I'm having fun with combination burns and delayed secondary-flare effects and stuff when I decide to grip a match with my teeth so it's poking out of my mouth like a hick toothpick and light that bitch with the flame from another match. And people, it was fucking TERRIFYING. How do you smokers do that? I never thought about that before - there's FIRE and it's on its way to your NOSE, then your brainpan probably after. FEAR!

Furthermore: In the USA I have friends who are reliably weird, and this makes me feel free to do whatever. I have one friend who, if you tell him to try to flag down a taxi by waving his bare dick at it, he will say "it's me" and do it because he is a crazy bastard. I have one friend who really enjoyed shooting at everybody's feet during high school archery and we still like him anyway. I have one friend who graffitied my house once with the words INADEQUATE PANTS and actually stole a five foot tall replica of Ralph Nader's head. I have one friend who is a girl now even though she wasn't a girl before and the biggest problem with it is pronouns. I have one friend who helped me out of a rough spot one night by THROWING a baby past my line of sight and into a closed door and then following himself (also airborne), landing ON said baby and then doling out righteous physical punishment to the thing. I should note that this was a DOLL baby, a model baby if you will, but it did have a bullseye painted on its ass in red.
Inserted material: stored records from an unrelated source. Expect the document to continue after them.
(* Let $n\ge1$ and let $o_1,\dots,o_n\ge1$ be integers. For each layer $\ell=1,\dots,n$ let $H^{(\ell)}_0\in\mathbb{R}$ and $H^{(\ell)}_j:\mathbb{Z}^j\to\mathbb{R}$, $1\le j\le o_\ell$, be finitely supported kernels. For a signal $x:\mathbb{Z}\to\mathbb{R}$ define $x_0=x$ and $x_\ell=\sum_{j=0}^{o_\ell}H^{(\ell)}_j*x_{\ell-1}^j$ for $\ell=1,\dots,n$. Then $x_n$ has the form of an order-$\prod_{\ell=1}^n o_\ell$ Volterra convolution of $x$: there exist finitely supported kernels $F_k:\mathbb{Z}^k\to\mathbb{R}$, $0\le k\le\prod_{\ell=1}^n o_\ell$ ($F_0\in\mathbb{R}$), not depending on $x$, with $x_n=\sum_{k=0}^{\prod_\ell o_\ell}F_k*x^k$.
   Context: Signals are real functions on $\mathbb{Z}$. For a kernel $H:\mathbb{Z}^n\to\mathbb{R}$ ($n\ge1$) and signals $x_1,\dots,x_n$, the order-$n$ convolution is $(H*[x_1,\dots,x_n])(t)=\sum_{(\tau_1,\dots,\tau_n)\in\mathbb{Z}^n}H(\tau_1,\dots,\tau_n)\prod_{i=1}^n x_i(t-\tau_i)$, and $H*x^n$ denotes $H*[x,\dots,x]$ ($n$ copies). For $n=0$ the kernel is a real number $H_0$ and $H_0*x^0$ is the constant signal with value $H_0$. *)

theory Defs
  imports Complex_Main
begin

type_synonym signal = "int \<Rightarrow> real"

text \<open>A kernel of order j is a function on Z^j, represented as a function on int lists;
only its values on lists of length j matter. The order-0 kernel H_0 is the value at [].\<close>
type_synonym kernel = "int list \<Rightarrow> real"

definition kernel_support :: "kernel \<Rightarrow> nat \<Rightarrow> int list set" where
  "kernel_support H j = {\<tau>. length \<tau> = j \<and> H \<tau> \<noteq> 0}"

definition fin_supp :: "kernel \<Rightarrow> nat \<Rightarrow> bool" where
  "fin_supp H j \<longleftrightarrow> finite (kernel_support H j)"

text \<open>Order-j convolution H * x^j; for finitely supported H the defining sum over Z^j
has only finitely many nonzero terms, so it is the finite sum over the support.\<close>
definition vconv :: "kernel \<Rightarrow> nat \<Rightarrow> signal \<Rightarrow> signal" where
  "vconv H j x t = (\<Sum>\<tau>\<in>kernel_support H j. H \<tau> * (\<Prod>i<j. x (t - \<tau> ! i)))"

fun layer :: "(nat \<Rightarrow> nat \<Rightarrow> kernel) \<Rightarrow> (nat \<Rightarrow> nat) \<Rightarrow> nat \<Rightarrow> signal \<Rightarrow> signal" where
  "layer H ord 0 x = x"
| "layer H ord (Suc l) x = (\<lambda>t. \<Sum>j\<le>ord (Suc l). vconv (H (Suc l) j) j (layer H ord l x) t)"

end

theory Submission
  imports Defs
begin

text \<open>Call an operator on signals a delay polynomial of degree at most D if its value at time t
  is a fixed real polynomial of degree at most D in finitely many delayed samples x (t - s);
  it is encoded by a list of terms (c, \<tau>) standing for c * x (t - \<tau>!0) * ... * x (t - \<tau>!(k-1)).
  The identity has degree 1, and delay polynomials are closed under sums, time shifts and
  products, where degrees add. An order-j convolution is a finite sum of shifted j-fold
  products, so a layer of order o maps degree D to degree o * D, and the n-th layer has degree
  at most the product of the orders. Collecting the coefficients of equal delay tuples turns a
  delay polynomial into finitely supported Volterra kernels.\<close>

type_synonym delay_terms = "(real \<times> int list) list"

definition delay_monomial :: "int list \<Rightarrow> signal \<Rightarrow> signal" where
  "delay_monomial \<tau> x t = (\<Prod>s\<leftarrow>\<tau>. x (t - s))"

lemma delay_monomial_eq_prod: "delay_monomial \<tau> x t = (\<Prod>i<length \<tau>. x (t - \<tau> ! i))"
  unfolding delay_monomial_def
  by (induction \<tau>) (simp_all add: prod.lessThan_Suc_shift del: prod.lessThan_Suc)

definition eval_delay_poly :: "delay_terms \<Rightarrow> signal \<Rightarrow> signal" where
  "eval_delay_poly ms x t = (\<Sum>(c, \<tau>)\<leftarrow>ms. c * delay_monomial \<tau> x t)"

definition delay_poly :: "nat \<Rightarrow> (signal \<Rightarrow> signal) \<Rightarrow> bool" where
  "delay_poly D P \<longleftrightarrow>
     (\<exists>ms. (\<forall>(c, \<tau>)\<in>set ms. length \<tau> \<le> D) \<and> P = eval_delay_poly ms)"

lemma delay_polyI:
  assumes "\<forall>(c, \<tau>)\<in>set ms. length \<tau> \<le> D" and "P = eval_delay_poly ms"
  shows "delay_poly D P"
  using assms unfolding delay_poly_def by blast

lemma delay_polyE:
  assumes "delay_poly D P"
  obtains ms where "\<forall>(c, \<tau>)\<in>set ms. length \<tau> \<le> D" and "P = eval_delay_poly ms"
  using assms unfolding delay_poly_def by blast

lemma delay_poly_mono: "delay_poly D P \<Longrightarrow> D \<le> E \<Longrightarrow> delay_poly E P"
  unfolding delay_poly_def by fastforce

lemma delay_poly_const: "delay_poly D (\<lambda>x t. c)"
  by (rule delay_polyI[of "[(c, [])]"])
     (auto simp: eval_delay_poly_def delay_monomial_def fun_eq_iff)

lemma delay_poly_id: "delay_poly 1 (\<lambda>x. x)"
  by (rule delay_polyI[of "[(1, [0])]"])
     (auto simp: eval_delay_poly_def delay_monomial_def fun_eq_iff)

lemma delay_poly_add:
  assumes "delay_poly D P" and "delay_poly D Q"
  shows "delay_poly D (\<lambda>x t. P x t + Q x t)"
proof -
  obtain ms where "\<forall>(c, \<tau>)\<in>set ms. length \<tau> \<le> D" "P = eval_delay_poly ms"
    using assms(1) by (rule delay_polyE)
  moreover obtain ns where "\<forall>(c, \<tau>)\<in>set ns. length \<tau> \<le> D" "Q = eval_delay_poly ns"
    using assms(2) by (rule delay_polyE)
  ultimately show ?thesis
    by (intro delay_polyI[of "ms @ ns"]) (auto simp: eval_delay_poly_def fun_eq_iff)
qed

definition delay_poly_times :: "delay_terms \<Rightarrow> delay_terms \<Rightarrow> delay_terms" where
  "delay_poly_times ms ns = [(c * d, \<sigma> @ \<tau>). (c, \<sigma>) \<leftarrow> ms, (d, \<tau>) \<leftarrow> ns]"

lemma eval_delay_poly_times:
  "eval_delay_poly (delay_poly_times ms ns) x t = eval_delay_poly ms x t * eval_delay_poly ns x t"
proof (induction ms)
  case Nil
  then show ?case by (simp add: delay_poly_times_def eval_delay_poly_def)
next
  case (Cons m ms)
  obtain c \<sigma> where m: "m = (c, \<sigma>)" by fastforce
  have "eval_delay_poly (delay_poly_times (m # ms) ns) x t =
      (\<Sum>(d, \<tau>)\<leftarrow>ns. c * d * delay_monomial (\<sigma> @ \<tau>) x t)
      + eval_delay_poly (delay_poly_times ms ns) x t"
    by (simp add: m delay_poly_times_def eval_delay_poly_def split_def o_def)
  also have "(\<Sum>(d, \<tau>)\<leftarrow>ns. c * d * delay_monomial (\<sigma> @ \<tau>) x t) =
      c * delay_monomial \<sigma> x t * eval_delay_poly ns x t"
    by (simp add: eval_delay_poly_def delay_monomial_def split_def sum_list_const_mult[symmetric]
        mult_ac)
  finally show ?case
    using Cons by (simp add: m eval_delay_poly_def algebra_simps)
qed

lemma delay_poly_mult:
  assumes "delay_poly D P" and "delay_poly E Q"
  shows "delay_poly (D + E) (\<lambda>x t. P x t * Q x t)"
proof -
  obtain ms where ms: "\<forall>(c, \<tau>)\<in>set ms. length \<tau> \<le> D" "P = eval_delay_poly ms"
    using assms(1) by (rule delay_polyE)
  obtain ns where ns: "\<forall>(c, \<tau>)\<in>set ns. length \<tau> \<le> E" "Q = eval_delay_poly ns"
    using assms(2) by (rule delay_polyE)
  show ?thesis
  proof (rule delay_polyI[of "delay_poly_times ms ns"])
    show "\<forall>(c, \<tau>)\<in>set (delay_poly_times ms ns). length \<tau> \<le> D + E"
      using ms(1) ns(1) by (fastforce simp: delay_poly_times_def intro: add_mono)
    show "(\<lambda>x t. P x t * Q x t) = eval_delay_poly (delay_poly_times ms ns)"
      by (simp add: ms(2) ns(2) eval_delay_poly_times fun_eq_iff)
  qed
qed

lemma delay_poly_shift:
  assumes "delay_poly D P"
  shows "delay_poly D (\<lambda>x t. P x (t - s))"
proof -
  obtain ms where ms: "\<forall>(c, \<tau>)\<in>set ms. length \<tau> \<le> D" "P = eval_delay_poly ms"
    using assms by (rule delay_polyE)
  let ?shifted = "[(c, map (\<lambda>u. u + s) \<tau>). (c, \<tau>) \<leftarrow> ms]"
  show ?thesis
  proof (rule delay_polyI[of ?shifted])
    show "\<forall>(c, \<tau>)\<in>set ?shifted. length \<tau> \<le> D"
      using ms(1) by auto
    show "(\<lambda>x t. P x (t - s)) = eval_delay_poly ?shifted"
      by (simp add: ms(2) eval_delay_poly_def delay_monomial_def fun_eq_iff split_def o_def
          algebra_simps)
  qed
qed

lemma delay_poly_sum:
  assumes "finite A" and "\<And>a. a \<in> A \<Longrightarrow> delay_poly D (f a)"
  shows "delay_poly D (\<lambda>x t. \<Sum>a\<in>A. f a x t)"
  using assms
proof (induction A rule: finite_induct)
  case empty
  then show ?case using delay_poly_const[of D 0] by simp
next
  case (insert a A)
  then show ?case using delay_poly_add[of D "f a" "\<lambda>x t. \<Sum>a\<in>A. f a x t"] by simp
qed

lemma delay_poly_prod:
  assumes "\<And>i. i < j \<Longrightarrow> delay_poly D (f i)"
  shows "delay_poly (j * D) (\<lambda>x t. \<Prod>i<j. f i x t)"
  using assms
proof (induction j)
  case 0
  then show ?case using delay_poly_const[of 0 1] by simp
next
  case (Suc j)
  then show ?case
    using delay_poly_mult[of "j * D" "\<lambda>x t. \<Prod>i<j. f i x t" D "f j"] by (simp add: add.commute)
qed

lemma delay_poly_vconv:
  assumes "delay_poly D P" and "fin_supp H j"
  shows "delay_poly (j * D) (\<lambda>x. vconv H j (P x))"
proof -
  have "delay_poly (j * D) (\<lambda>x t. H \<tau> * (\<Prod>i<j. P x (t - \<tau> ! i)))" for \<tau>
    using delay_poly_mult[OF delay_poly_const[of 0] delay_poly_prod[OF delay_poly_shift[OF assms(1)]]]
    by simp
  then have "delay_poly (j * D)
      (\<lambda>x t. \<Sum>\<tau>\<in>kernel_support H j. H \<tau> * (\<Prod>i<j. P x (t - \<tau> ! i)))"
    using assms(2) by (intro delay_poly_sum) (simp_all add: fin_supp_def)
  then show ?thesis
    by (simp add: vconv_def[abs_def])
qed

lemma fin_supp_0: "fin_supp H 0"
proof -
  have "kernel_support H 0 \<subseteq> {[]}" by (auto simp: kernel_support_def)
  then show ?thesis unfolding fin_supp_def by (rule finite_subset) simp
qed

lemma delay_poly_layer:
  assumes "\<forall>l\<in>{1..n}. \<forall>j\<in>{1..ord l}. fin_supp (H l j) j" and "l \<le> n"
  shows "delay_poly (\<Prod>i=1..l. ord i) (layer H ord l)"
  using assms(2)
proof (induction l)
  case 0
  then show ?case using delay_poly_id by simp
next
  case (Suc l)
  have "delay_poly (ord (Suc l) * (\<Prod>i=1..l. ord i)) (\<lambda>x. vconv (H (Suc l) j) j (layer H ord l x))"
    if "j \<le> ord (Suc l)" for j
  proof (rule delay_poly_mono)
    have "fin_supp (H (Suc l) j) j"
      using assms(1) Suc.prems that fin_supp_0 by (cases j) auto
    then show "delay_poly (j * (\<Prod>i=1..l. ord i)) (\<lambda>x. vconv (H (Suc l) j) j (layer H ord l x))"
      using Suc by (intro delay_poly_vconv) auto
  qed (use that in simp)
  then have "delay_poly (ord (Suc l) * (\<Prod>i=1..l. ord i))
      (\<lambda>x t. \<Sum>j\<le>ord (Suc l). vconv (H (Suc l) j) j (layer H ord l x) t)"
    by (intro delay_poly_sum) auto
  moreover have "layer H ord (Suc l) =
      (\<lambda>x t. \<Sum>j\<le>ord (Suc l). vconv (H (Suc l) j) j (layer H ord l x) t)"
    by (simp add: fun_eq_iff)
  ultimately show ?case
    by (simp add: prod.nat_ivl_Suc' mult.commute)
qed

definition coeff_kernel :: "delay_terms \<Rightarrow> kernel" where
  "coeff_kernel ms \<tau> = (\<Sum>(c, \<sigma>)\<leftarrow>ms. if \<sigma> = \<tau> then c else 0)"

lemma kernel_support_coeff_kernel:
  "kernel_support (coeff_kernel ms) k \<subseteq> {\<tau> \<in> snd ` set ms. length \<tau> = k}"
proof
  fix \<tau> assume \<tau>: "\<tau> \<in> kernel_support (coeff_kernel ms) k"
  then have "(\<Sum>(c, \<sigma>)\<leftarrow>ms. if \<sigma> = \<tau> then c else 0) \<noteq> 0"
    by (simp add: kernel_support_def coeff_kernel_def)
  then have "\<tau> \<in> snd ` set ms"
    by (induction ms) (auto split: if_splits)
  then show "\<tau> \<in> {\<tau> \<in> snd ` set ms. length \<tau> = k}"
    using \<tau> by (simp add: kernel_support_def)
qed

lemma fin_supp_coeff_kernel: "fin_supp (coeff_kernel ms) k"
  unfolding fin_supp_def by (rule finite_subset[OF kernel_support_coeff_kernel]) simp

lemma sum_sum_list_if_eq:
  fixes f :: "'a \<Rightarrow> 'c::comm_monoid_add"
  assumes "finite S"
  shows "(\<Sum>s\<in>S. \<Sum>p\<leftarrow>xs. if g p = s then f p else 0) = (\<Sum>p\<leftarrow>xs. if g p \<in> S then f p else 0)"
  by (induction xs) (simp_all add: sum.distrib sum.delta'[OF assms])

lemma vconv_coeff_kernel:
  "vconv (coeff_kernel ms) k x t =
     (\<Sum>(c, \<tau>)\<leftarrow>ms. if length \<tau> = k then c * delay_monomial \<tau> x t else 0)"
proof -
  define S where "S = {\<tau> \<in> snd ` set ms. length \<tau> = k}"
  have "finite S" by (simp add: S_def)
  have "vconv (coeff_kernel ms) k x t = (\<Sum>\<tau>\<in>S. coeff_kernel ms \<tau> * delay_monomial \<tau> x t)"
    unfolding vconv_def
    using kernel_support_coeff_kernel[of ms k]
    by (intro sum.mono_neutral_cong_left[OF \<open>finite S\<close>])
       (auto simp: S_def kernel_support_def delay_monomial_eq_prod)
  also have "\<dots> = (\<Sum>\<tau>\<in>S. \<Sum>(c, \<sigma>)\<leftarrow>ms. if \<sigma> = \<tau> then c * delay_monomial \<sigma> x t else 0)"
    by (auto simp: coeff_kernel_def sum_list_mult_const[symmetric] split_def
        intro!: sum.cong arg_cong[where f = sum_list] map_cong)
  also have "\<dots> = (\<Sum>(c, \<sigma>)\<leftarrow>ms. if \<sigma> \<in> S then c * delay_monomial \<sigma> x t else 0)"
    using sum_sum_list_if_eq[OF \<open>finite S\<close>, of snd] by (simp add: split_def)
  also have "\<dots> = (\<Sum>(c, \<tau>)\<leftarrow>ms. if length \<tau> = k then c * delay_monomial \<tau> x t else 0)"
    by (rule arg_cong[where f = sum_list], rule map_cong) (force simp: S_def)+
  finally show ?thesis .
qed

lemma eval_delay_poly_by_degree:
  assumes "\<forall>(c, \<tau>)\<in>set ms. length \<tau> \<le> D"
  shows "eval_delay_poly ms x t =
    (\<Sum>k\<le>D. \<Sum>(c, \<tau>)\<leftarrow>ms. if length \<tau> = k then c * delay_monomial \<tau> x t else 0)"
  using sum_sum_list_if_eq[of "{..D}" "\<lambda>p. length (snd p)" "\<lambda>p. fst p * delay_monomial (snd p) x t" ms]
    assms
  by (auto simp: eval_delay_poly_def split_def intro!: arg_cong[where f = sum_list] map_cong)

lemma delay_poly_imp_volterra:
  assumes "delay_poly D P"
  shows "\<exists>F :: nat \<Rightarrow> kernel. (\<forall>k\<le>D. fin_supp (F k) k) \<and>
           (\<forall>x. P x = (\<lambda>t. \<Sum>k\<le>D. vconv (F k) k x t))"
proof -
  obtain ms where "\<forall>(c, \<tau>)\<in>set ms. length \<tau> \<le> D" "P = eval_delay_poly ms"
    using assms by (rule delay_polyE)
  \<comment> \<open>One kernel serves every order k: vconv at order k only reads it on lists of length k.\<close>
  then show ?thesis
    by (intro exI[of _ "\<lambda>_. coeff_kernel ms"])
       (simp add: fin_supp_coeff_kernel vconv_coeff_kernel eval_delay_poly_by_degree fun_eq_iff)
qed

theorem lemma16:
  fixes n :: nat and ord :: "nat \<Rightarrow> nat" and H :: "nat \<Rightarrow> nat \<Rightarrow> kernel"
  assumes "n \<ge> 1"
    and "\<forall>l\<in>{1..n}. ord l \<ge> 1"
    and "\<forall>l\<in>{1..n}. \<forall>j\<in>{1..ord l}. fin_supp (H l j) j"
  shows "\<exists>F :: nat \<Rightarrow> kernel.
           (\<forall>k\<le>(\<Prod>l=1..n. ord l). fin_supp (F k) k) \<and>
           (\<forall>x. layer H ord n x = (\<lambda>t. \<Sum>k\<le>(\<Prod>l=1..n. ord l). vconv (F k) k x t))"
  using delay_poly_layer[OF assms(3) order_refl] by (rule delay_poly_imp_volterra)

end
When you've got these sorts of people around, you tend not to worry about how weird you are because hey, weird is already covered.

But when they're gone? Well, I, for one, don't really know exactly how to deal with people that are perfectly nice and normal. I keep waiting for somebody to throw a baby here in France, but it hasn't happened yet.

Friday, February 11, 2005


I haven't posted for a long time and it's because I spent all that time FREAKING OUT. I freaked myself out of my skin and back and let me tell you it wasn't worthwhile at all.

I'd tell you all about it but it's boring - short version is that being timid gets compounded by being in a weird environment, and eventually all your friends are fictional.

So why not just haul off and blog like nobody's watching? Yeah, we'll just see about that.